Action item → Give only a number in reply. It should be how many lines in the records contain the string "beta".

[Data records]
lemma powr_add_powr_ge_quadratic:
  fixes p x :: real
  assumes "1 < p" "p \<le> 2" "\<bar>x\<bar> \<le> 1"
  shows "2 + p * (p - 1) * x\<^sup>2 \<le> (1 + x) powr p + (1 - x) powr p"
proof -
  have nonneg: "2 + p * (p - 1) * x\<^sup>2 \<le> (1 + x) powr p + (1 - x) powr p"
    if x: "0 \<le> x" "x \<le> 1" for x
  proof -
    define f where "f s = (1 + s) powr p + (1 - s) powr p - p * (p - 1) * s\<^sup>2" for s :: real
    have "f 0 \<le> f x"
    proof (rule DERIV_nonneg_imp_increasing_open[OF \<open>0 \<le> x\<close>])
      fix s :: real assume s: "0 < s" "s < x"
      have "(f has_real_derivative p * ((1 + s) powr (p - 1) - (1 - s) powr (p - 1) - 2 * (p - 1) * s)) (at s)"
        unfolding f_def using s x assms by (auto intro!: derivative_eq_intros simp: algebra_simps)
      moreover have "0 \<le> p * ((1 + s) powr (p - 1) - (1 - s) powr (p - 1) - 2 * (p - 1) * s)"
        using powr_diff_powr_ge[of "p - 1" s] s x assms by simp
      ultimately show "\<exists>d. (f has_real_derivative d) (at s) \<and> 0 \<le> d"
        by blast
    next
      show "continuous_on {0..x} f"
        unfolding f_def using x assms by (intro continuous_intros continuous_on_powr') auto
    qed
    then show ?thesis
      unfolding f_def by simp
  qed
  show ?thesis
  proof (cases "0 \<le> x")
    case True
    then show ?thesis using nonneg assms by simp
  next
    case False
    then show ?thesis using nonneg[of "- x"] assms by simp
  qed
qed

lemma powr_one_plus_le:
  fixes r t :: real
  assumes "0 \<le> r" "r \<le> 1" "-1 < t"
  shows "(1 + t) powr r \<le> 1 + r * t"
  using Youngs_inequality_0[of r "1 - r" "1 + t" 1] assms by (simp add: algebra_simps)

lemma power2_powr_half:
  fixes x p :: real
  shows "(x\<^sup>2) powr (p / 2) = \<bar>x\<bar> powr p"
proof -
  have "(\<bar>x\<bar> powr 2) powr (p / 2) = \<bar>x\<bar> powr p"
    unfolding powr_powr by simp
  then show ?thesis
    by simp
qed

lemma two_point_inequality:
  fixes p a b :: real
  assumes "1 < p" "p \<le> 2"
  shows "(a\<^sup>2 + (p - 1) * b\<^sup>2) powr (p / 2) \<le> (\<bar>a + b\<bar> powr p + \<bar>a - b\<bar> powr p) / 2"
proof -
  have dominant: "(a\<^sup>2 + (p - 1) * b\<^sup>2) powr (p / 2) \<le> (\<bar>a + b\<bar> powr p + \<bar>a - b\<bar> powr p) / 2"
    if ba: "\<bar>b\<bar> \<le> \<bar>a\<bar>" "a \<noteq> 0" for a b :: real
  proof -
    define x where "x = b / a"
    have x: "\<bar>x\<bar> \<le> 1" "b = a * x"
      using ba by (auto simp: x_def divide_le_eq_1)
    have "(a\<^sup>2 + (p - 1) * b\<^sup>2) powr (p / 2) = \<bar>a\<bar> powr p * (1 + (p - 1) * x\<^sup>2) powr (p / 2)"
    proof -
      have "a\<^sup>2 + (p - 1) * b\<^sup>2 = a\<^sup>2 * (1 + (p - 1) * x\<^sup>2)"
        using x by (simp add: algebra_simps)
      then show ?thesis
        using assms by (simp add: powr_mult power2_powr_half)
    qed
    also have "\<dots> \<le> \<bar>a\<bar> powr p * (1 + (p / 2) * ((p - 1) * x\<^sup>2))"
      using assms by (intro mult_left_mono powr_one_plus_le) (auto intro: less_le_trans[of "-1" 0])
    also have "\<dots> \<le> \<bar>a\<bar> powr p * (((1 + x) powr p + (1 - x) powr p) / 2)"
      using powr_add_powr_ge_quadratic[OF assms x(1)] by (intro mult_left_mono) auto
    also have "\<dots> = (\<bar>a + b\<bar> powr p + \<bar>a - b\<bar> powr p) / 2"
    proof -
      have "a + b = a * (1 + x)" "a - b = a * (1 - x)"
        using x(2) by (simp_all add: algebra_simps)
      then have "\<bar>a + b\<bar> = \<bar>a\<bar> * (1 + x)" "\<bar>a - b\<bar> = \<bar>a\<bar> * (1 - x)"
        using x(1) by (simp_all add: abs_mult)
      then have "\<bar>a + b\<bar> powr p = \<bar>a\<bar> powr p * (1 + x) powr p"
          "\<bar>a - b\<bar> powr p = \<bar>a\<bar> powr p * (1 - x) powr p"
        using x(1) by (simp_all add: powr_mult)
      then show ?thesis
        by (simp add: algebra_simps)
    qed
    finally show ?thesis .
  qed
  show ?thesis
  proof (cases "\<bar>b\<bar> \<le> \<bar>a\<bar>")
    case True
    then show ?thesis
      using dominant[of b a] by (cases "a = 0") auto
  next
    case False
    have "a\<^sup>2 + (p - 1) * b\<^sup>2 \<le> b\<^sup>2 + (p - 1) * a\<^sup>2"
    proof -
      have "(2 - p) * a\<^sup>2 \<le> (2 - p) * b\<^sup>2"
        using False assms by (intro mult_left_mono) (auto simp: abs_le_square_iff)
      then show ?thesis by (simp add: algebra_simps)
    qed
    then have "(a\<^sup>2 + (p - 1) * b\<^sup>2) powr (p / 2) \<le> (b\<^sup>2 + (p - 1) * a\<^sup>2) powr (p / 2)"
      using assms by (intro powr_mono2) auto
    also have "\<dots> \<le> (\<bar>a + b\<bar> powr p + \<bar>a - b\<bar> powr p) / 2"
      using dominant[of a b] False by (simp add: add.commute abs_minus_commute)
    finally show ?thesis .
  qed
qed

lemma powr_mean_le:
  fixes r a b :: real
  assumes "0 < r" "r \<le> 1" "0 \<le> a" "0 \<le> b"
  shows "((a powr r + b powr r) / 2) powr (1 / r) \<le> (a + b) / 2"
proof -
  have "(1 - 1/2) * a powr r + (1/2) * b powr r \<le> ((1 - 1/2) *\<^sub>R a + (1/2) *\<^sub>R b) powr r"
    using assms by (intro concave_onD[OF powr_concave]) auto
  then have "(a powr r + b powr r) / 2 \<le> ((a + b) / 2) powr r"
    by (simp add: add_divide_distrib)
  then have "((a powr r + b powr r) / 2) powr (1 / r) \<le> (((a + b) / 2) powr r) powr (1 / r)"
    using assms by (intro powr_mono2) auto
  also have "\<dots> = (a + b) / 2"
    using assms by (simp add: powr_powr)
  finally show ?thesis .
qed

==

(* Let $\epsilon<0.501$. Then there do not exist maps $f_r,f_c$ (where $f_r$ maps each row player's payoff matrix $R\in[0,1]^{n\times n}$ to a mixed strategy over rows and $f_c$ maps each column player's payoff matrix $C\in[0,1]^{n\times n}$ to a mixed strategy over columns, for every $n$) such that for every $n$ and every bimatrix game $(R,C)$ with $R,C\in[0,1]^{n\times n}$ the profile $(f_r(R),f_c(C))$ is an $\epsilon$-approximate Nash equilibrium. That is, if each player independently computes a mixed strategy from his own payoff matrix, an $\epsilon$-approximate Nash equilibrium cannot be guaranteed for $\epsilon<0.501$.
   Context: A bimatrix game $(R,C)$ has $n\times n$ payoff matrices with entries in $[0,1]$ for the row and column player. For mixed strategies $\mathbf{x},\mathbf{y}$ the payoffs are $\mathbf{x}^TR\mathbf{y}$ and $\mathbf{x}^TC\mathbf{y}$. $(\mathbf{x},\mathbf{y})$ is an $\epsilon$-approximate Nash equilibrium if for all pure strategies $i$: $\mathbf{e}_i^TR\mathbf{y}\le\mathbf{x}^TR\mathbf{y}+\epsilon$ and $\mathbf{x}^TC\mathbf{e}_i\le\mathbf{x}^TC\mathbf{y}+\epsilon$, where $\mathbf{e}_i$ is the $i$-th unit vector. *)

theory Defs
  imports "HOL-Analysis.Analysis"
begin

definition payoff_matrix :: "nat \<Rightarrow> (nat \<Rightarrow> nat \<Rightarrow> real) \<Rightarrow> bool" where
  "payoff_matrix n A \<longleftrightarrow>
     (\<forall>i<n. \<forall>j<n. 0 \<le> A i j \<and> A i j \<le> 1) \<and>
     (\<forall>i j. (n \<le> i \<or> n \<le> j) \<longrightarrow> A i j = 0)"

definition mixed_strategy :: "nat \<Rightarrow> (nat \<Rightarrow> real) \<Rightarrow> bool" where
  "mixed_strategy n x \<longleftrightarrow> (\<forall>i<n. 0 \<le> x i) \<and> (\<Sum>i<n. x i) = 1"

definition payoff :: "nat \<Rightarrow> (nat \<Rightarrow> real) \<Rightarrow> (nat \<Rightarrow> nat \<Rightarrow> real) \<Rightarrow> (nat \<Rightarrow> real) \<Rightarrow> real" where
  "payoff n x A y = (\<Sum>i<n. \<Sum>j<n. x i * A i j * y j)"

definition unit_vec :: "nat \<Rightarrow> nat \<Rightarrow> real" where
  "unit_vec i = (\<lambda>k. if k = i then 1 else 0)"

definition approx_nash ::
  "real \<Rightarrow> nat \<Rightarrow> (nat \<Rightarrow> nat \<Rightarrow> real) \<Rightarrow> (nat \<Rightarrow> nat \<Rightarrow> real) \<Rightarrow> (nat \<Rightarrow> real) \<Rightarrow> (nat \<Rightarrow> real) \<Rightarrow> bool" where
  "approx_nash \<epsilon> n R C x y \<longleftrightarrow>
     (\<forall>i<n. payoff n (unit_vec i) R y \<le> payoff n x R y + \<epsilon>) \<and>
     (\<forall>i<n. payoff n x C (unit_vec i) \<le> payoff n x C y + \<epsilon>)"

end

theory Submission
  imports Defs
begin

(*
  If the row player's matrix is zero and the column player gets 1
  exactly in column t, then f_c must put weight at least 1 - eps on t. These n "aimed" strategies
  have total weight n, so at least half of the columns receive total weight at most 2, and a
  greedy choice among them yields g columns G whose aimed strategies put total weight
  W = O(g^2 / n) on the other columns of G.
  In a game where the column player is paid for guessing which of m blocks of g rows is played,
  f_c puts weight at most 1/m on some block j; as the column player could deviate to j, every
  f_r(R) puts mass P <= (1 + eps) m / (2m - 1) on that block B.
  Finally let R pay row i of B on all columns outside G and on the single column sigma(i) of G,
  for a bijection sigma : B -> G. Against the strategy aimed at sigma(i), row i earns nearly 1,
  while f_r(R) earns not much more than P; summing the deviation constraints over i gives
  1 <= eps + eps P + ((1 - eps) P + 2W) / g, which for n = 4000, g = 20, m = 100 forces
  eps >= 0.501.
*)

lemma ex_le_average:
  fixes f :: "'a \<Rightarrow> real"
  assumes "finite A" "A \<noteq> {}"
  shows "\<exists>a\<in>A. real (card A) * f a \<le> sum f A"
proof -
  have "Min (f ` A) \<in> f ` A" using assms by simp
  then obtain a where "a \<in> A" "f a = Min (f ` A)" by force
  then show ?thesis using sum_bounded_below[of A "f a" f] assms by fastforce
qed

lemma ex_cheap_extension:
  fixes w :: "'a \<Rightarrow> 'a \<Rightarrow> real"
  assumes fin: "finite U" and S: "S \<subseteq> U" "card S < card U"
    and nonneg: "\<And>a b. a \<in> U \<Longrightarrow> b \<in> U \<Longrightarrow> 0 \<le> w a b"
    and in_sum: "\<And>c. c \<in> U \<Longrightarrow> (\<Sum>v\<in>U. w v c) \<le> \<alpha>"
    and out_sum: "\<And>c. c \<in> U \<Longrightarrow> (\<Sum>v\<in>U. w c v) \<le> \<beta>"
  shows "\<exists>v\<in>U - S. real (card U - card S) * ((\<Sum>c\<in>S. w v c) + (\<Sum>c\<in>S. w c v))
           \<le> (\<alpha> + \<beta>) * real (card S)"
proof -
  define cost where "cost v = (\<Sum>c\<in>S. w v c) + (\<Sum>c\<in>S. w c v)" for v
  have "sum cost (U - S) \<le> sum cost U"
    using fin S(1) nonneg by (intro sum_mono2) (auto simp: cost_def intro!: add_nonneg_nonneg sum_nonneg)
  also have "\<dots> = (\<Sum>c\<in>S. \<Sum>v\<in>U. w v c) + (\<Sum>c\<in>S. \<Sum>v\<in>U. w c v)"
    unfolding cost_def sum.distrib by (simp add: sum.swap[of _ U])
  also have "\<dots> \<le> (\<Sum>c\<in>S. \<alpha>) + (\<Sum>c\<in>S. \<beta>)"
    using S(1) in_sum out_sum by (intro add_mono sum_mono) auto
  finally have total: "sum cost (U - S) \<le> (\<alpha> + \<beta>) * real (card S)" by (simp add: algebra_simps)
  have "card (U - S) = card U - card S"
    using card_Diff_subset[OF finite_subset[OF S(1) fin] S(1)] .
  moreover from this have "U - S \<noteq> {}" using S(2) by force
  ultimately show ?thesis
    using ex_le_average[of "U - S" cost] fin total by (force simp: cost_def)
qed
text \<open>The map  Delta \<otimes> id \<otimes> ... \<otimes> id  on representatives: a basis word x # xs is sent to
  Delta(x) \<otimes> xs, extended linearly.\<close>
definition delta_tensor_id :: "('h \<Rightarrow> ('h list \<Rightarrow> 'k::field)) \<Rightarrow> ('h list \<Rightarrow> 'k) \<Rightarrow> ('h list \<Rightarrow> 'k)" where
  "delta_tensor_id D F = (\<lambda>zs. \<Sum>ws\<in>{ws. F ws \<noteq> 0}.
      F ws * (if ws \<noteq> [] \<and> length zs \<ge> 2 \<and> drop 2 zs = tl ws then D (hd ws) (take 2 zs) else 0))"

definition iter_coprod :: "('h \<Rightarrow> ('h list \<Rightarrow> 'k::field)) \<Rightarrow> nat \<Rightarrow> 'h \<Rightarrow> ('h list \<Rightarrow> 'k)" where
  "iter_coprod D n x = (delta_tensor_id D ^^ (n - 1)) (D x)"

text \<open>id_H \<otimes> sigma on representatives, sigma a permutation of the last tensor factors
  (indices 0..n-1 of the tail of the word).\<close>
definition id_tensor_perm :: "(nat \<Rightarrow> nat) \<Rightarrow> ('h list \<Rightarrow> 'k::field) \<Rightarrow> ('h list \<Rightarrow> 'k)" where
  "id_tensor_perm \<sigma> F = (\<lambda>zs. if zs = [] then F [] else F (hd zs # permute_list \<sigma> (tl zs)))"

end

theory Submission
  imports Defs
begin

--

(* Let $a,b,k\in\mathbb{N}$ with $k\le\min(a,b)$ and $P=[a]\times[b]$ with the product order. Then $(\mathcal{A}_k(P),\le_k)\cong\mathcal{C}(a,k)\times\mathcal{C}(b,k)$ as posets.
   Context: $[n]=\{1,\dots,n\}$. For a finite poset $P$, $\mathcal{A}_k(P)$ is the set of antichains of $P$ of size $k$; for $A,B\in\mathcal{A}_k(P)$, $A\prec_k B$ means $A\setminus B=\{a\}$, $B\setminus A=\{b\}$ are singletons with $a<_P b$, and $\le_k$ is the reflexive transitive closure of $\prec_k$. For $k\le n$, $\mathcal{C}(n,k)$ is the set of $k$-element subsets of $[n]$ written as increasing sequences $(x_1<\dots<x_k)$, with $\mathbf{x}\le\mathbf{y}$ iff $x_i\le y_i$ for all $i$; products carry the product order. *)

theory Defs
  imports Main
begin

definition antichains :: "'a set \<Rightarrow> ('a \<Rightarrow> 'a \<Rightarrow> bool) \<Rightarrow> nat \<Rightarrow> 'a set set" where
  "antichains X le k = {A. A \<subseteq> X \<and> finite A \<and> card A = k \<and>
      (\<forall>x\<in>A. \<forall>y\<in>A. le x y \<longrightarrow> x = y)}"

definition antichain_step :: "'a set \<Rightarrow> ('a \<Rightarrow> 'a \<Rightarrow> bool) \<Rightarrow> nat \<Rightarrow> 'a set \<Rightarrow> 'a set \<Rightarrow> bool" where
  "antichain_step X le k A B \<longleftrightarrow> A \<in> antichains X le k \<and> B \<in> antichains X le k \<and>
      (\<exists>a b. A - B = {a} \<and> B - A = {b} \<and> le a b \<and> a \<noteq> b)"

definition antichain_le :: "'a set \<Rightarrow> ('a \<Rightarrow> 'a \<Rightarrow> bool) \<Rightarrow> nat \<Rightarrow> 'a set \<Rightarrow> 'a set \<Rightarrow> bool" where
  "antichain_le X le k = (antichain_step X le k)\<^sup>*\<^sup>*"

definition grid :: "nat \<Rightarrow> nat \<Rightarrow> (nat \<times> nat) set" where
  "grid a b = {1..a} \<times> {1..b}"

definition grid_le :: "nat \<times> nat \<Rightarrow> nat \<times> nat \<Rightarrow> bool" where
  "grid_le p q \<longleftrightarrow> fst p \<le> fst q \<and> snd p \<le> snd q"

Your solution → 4